_EXERCISE OBJECTIVE_
Every line of the entries below that carries the string "moreover" should be copied.

_SOURCE RECORDS_
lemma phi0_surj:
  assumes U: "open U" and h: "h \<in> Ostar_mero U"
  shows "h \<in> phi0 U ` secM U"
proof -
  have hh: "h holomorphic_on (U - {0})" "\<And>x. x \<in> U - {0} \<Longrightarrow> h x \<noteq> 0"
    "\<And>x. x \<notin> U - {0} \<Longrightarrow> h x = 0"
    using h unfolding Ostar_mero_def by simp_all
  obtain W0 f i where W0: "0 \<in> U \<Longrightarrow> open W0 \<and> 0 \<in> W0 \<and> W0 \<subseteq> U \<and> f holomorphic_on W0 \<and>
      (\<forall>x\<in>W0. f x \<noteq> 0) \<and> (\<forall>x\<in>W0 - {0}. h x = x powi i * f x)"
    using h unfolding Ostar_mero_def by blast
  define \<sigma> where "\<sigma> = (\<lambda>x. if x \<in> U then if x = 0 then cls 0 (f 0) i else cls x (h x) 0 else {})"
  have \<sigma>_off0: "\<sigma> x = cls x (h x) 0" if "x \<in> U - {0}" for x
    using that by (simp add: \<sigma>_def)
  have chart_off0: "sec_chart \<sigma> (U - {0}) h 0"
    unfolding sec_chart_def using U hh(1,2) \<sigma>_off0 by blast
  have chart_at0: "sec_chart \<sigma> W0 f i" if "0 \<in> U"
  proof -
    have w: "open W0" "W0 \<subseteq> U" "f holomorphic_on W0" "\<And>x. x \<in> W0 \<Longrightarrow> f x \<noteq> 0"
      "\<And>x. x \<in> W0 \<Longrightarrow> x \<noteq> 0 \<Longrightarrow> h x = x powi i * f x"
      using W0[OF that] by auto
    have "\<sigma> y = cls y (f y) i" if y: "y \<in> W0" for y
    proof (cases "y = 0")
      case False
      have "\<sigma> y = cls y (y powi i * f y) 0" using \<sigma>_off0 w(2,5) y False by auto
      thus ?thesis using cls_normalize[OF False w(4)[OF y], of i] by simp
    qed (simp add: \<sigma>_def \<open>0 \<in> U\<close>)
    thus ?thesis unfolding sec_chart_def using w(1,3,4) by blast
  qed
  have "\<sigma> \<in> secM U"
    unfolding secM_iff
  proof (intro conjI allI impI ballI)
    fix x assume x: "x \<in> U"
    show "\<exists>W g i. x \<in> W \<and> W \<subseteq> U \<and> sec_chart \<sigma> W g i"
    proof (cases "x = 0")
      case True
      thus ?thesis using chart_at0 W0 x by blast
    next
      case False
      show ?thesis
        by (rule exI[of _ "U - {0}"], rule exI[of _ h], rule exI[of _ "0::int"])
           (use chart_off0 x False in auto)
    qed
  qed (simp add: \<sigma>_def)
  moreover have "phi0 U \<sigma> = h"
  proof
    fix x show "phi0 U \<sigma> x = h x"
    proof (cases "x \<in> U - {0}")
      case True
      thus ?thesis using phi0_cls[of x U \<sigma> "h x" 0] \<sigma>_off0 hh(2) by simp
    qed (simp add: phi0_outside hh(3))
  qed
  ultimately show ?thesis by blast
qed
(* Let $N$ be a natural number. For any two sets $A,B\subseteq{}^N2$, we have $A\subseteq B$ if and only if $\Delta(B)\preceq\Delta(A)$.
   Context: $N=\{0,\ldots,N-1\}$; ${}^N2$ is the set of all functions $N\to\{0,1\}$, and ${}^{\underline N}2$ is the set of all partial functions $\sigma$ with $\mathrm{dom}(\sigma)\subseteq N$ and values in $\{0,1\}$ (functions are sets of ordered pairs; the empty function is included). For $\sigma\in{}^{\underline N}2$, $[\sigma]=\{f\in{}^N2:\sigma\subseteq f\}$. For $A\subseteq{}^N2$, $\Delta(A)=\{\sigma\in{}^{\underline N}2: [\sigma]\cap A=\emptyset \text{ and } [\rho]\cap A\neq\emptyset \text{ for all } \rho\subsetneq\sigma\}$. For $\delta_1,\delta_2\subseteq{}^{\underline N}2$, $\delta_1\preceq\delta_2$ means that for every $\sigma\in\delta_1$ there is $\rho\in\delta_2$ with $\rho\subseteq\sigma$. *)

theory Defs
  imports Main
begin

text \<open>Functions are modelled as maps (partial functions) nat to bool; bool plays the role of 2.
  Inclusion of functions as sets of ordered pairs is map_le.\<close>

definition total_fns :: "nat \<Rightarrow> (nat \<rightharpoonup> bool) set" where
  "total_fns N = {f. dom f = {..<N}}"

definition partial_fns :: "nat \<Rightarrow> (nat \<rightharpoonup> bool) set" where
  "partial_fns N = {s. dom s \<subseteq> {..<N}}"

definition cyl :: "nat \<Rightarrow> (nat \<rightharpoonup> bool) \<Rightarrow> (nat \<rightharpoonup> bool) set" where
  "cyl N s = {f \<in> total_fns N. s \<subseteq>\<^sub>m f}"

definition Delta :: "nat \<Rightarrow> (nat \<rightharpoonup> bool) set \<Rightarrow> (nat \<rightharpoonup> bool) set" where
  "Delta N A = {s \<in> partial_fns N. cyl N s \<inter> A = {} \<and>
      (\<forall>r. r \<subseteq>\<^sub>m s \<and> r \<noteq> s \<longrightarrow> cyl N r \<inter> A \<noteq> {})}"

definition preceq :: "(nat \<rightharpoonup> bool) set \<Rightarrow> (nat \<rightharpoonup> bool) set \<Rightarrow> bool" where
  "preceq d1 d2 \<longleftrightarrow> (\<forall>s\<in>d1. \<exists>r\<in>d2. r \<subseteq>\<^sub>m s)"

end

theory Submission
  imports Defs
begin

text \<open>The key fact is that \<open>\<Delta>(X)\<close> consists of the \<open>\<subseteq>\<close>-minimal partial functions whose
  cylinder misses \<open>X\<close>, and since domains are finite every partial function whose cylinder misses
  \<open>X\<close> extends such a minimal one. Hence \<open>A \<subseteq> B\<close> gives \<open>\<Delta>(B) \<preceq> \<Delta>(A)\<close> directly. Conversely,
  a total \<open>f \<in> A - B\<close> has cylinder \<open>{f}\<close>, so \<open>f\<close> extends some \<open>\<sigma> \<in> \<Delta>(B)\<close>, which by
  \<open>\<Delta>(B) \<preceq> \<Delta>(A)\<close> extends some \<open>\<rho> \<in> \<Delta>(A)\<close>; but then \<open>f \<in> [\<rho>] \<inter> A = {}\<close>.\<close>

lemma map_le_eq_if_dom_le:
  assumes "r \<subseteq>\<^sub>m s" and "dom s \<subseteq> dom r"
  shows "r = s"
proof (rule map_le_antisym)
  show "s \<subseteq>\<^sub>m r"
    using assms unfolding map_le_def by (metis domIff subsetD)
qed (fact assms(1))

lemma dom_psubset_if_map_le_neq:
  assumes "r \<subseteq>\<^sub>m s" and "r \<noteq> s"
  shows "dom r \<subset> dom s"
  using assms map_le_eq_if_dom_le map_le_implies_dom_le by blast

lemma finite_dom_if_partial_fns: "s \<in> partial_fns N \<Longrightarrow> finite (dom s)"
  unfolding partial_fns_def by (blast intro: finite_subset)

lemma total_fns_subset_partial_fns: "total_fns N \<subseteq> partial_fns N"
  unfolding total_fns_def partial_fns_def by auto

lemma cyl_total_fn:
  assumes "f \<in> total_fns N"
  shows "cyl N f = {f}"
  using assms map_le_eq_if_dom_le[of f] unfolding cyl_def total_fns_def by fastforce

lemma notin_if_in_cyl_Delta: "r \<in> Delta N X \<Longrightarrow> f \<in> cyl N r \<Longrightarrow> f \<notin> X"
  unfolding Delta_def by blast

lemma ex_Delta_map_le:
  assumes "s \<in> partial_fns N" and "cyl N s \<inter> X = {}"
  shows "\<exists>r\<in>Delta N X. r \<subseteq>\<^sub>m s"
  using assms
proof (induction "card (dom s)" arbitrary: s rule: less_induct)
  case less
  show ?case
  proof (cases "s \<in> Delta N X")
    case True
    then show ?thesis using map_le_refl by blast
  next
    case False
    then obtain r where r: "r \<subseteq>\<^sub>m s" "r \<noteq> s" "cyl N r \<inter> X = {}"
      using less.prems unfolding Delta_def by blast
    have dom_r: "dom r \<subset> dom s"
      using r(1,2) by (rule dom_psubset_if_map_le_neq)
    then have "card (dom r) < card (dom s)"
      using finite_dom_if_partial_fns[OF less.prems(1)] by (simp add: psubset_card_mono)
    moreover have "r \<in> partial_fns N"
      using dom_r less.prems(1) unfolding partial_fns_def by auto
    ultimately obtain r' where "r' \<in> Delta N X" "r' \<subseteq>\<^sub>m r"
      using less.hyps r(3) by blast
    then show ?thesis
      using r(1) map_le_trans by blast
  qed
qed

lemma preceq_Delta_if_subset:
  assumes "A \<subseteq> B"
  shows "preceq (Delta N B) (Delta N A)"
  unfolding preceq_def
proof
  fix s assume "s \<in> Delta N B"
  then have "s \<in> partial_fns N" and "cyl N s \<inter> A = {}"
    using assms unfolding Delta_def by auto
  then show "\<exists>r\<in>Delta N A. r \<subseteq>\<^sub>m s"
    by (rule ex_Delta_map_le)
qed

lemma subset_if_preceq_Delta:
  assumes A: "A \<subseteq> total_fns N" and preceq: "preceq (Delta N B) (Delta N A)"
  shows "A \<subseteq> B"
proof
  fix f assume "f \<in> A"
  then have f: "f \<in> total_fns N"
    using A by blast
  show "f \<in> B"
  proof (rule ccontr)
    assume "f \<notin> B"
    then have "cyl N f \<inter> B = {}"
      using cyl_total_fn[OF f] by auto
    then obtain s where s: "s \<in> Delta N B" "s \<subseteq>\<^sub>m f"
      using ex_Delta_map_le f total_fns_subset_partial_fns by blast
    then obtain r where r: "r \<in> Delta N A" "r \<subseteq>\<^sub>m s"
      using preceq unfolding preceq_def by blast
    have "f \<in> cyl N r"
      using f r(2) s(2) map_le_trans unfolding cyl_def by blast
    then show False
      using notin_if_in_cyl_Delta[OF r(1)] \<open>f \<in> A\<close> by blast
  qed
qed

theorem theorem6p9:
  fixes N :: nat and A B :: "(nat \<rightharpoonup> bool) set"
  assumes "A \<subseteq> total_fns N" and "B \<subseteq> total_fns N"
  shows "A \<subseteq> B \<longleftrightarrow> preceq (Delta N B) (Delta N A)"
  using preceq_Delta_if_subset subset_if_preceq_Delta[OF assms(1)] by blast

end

_ANSWER_
  moreover have "phi0 U \<sigma> = h"
    moreover have "r \<in> partial_fns N"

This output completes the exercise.